Por ser humanos y ya no animales o vegetales, poseemos intuición, raciocinio y sentido común, o sea, la sabiduría divina; y usando estas facultades, sabremos qué es lo que nos incomoda con respecto a la condición del momento. El segundo paso es “conocer la verdad”, o sea, meditar sobre la realidad espiritual que está oculta detrás de la apariencia material, y ya con eso basta para ver transformarse la apariencia, no importa cuál sea, ya que si ésta no depende de nosotros, y parece justa y absurda, o inconveniente, la ley espiritual con sus canales infinitos nos sorprende con una solución que jamás se nos hubiera ocurrido.

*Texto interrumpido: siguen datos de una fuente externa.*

(* Let $\pi_0$ be a portfolio map generated by $\Phi_0$, and let $p_0\in\Delta_n$ be a point at which $\Phi_0$ is differentiable. For every $\epsilon>0$ and every compact neighborhood $K$ of $p_0$ in $\Delta_n$, there exists $\delta>0$ such that whenever $\pi$ is a portfolio map generated by $\Phi$ with $\max_{p\in K}|\Phi(p)-\Phi_0(p)|<\delta$, we have $\sup_{p\in\Delta_n:|p-p_0|<\delta}|\pi(p)-\pi_0(p_0)|<\epsilon$.
   Context: $\Delta_n=\{p\in(0,1)^n:\sum p_i=1\}$, $\overline{\Delta}_n$ its closure, $n\ge2$; $|\cdot|$ is the Euclidean norm. A map $\pi:\Delta_n\to\overline{\Delta}_n$ is generated by a concave function $\Phi:\Delta_n\to(0,\infty)$ if $\sum_i\pi_i(p)\frac{q_i}{p_i}\ge\frac{\Phi(q)}{\Phi(p)}$ for all $p,q\in\Delta_n$. *)

theory Defs
  imports "HOL-Analysis.Analysis"
begin

definition std_simplex :: "(real ^ 'n) set" where
  "std_simplex = {p. (\<forall>i. 0 < p $ i \<and> p $ i < 1) \<and> (\<Sum>i\<in>UNIV. p $ i) = 1}"

definition std_simplex_cl :: "(real ^ 'n) set" where
  "std_simplex_cl = {p. (\<forall>i. 0 \<le> p $ i) \<and> (\<Sum>i\<in>UNIV. p $ i) = 1}"

definition generated_by :: "(real ^ 'n \<Rightarrow> real ^ 'n) \<Rightarrow> (real ^ 'n \<Rightarrow> real) \<Rightarrow> bool" where
  "generated_by \<pi> \<Phi> \<longleftrightarrow>
     (\<forall>p\<in>std_simplex. \<pi> p \<in> std_simplex_cl) \<and>
     concave_on std_simplex \<Phi> \<and>
     (\<forall>p\<in>std_simplex. 0 < \<Phi> p) \<and>
     (\<forall>p\<in>std_simplex. \<forall>q\<in>std_simplex.
        (\<Sum>i\<in>UNIV. \<pi> p $ i * (q $ i / p $ i)) \<ge> \<Phi> q / \<Phi> p)"

end

theory Submission
  imports Defs
begin

text \<open>The generating inequality says that q \<mapsto> \<Sum>_k \<Phi>(p) \<pi>_k(p) / p_k q_k is an affine
  majorant of \<Phi> touching it at p, so \<pi>(p) is read off a supergradient of \<Phi> at p.
  If \<Phi> is uniformly close to \<Phi>0 near p0 and p is close to p0, these affine functions
  almost majorize \<Phi>0 and almost touch it at p0; differentiability of \<Phi>0 at p0 then forces
  their slopes along the simplex to be close to the derivative of \<Phi>0, and hence \<pi>(p)
  to be close to the portfolio determined by that derivative, which is \<pi>0(p0).\<close>

definition support_vector :: "(real ^ 'n \<Rightarrow> real ^ 'n) \<Rightarrow> (real ^ 'n \<Rightarrow> real) \<Rightarrow> real ^ 'n \<Rightarrow> real ^ 'n"
  where "support_vector \<pi> \<Phi> p = (\<chi> k. \<Phi> p * \<pi> p $ k / p $ k)"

La forma de desarrollar la naturaleza espiritual es practicando la oración científica. Logrando, aunque no sea sino una demostración, primero para convencernos de esta verdad, luego para enseñarnos la técnica. Cada vez que obtengas una demostración, sea para ti mismo o para otro, ganas aumento de comprensión espiritual, y aprendes más metafísica que en muchas horas de lectura o de escuchar conferencias.
No pierdas tiempo tratando de contestar preguntas teóricas o doctrinales. Cualquier conclusión sobre éstas  no será sino otro concepto intelectual más, y ya sabes que el intelecto lo materializa todo.
Cura a alguien, o arregla una situación; haz un tratamiento afirmativo de comprensión divina y a los pocos días te encontrarás comprendiendo perfectamente el asunto teórico o doctrinal que te confundía, en lugar de haber sacado un formalismo intelectual más.
No esperes comprender todo lo de Dios con sólo unas cuantas semanas de estudio. Es inútil que un estudiante de álgebra, por ejemplo, comprenda el teorema del binomio, si no puede comprender una simple ecuación.
Aprende lo siguiente: siempre tenemos suficiente comprensión y suficiente poder para dominar lo que sea que entre en nuestras vidas. La vida cuida a sus crías. Ella no manda nada que esté por encima de nuestras fuerzas, o más allá de nuestros poderes. Siempre, siempre hay que usar la verdad que conocemos.
Con estas recomendaciones metafísicas para la vida diaria y mis recomendaciones materiales, podrás sin duda construir tu hogar ideal espiritual y físico.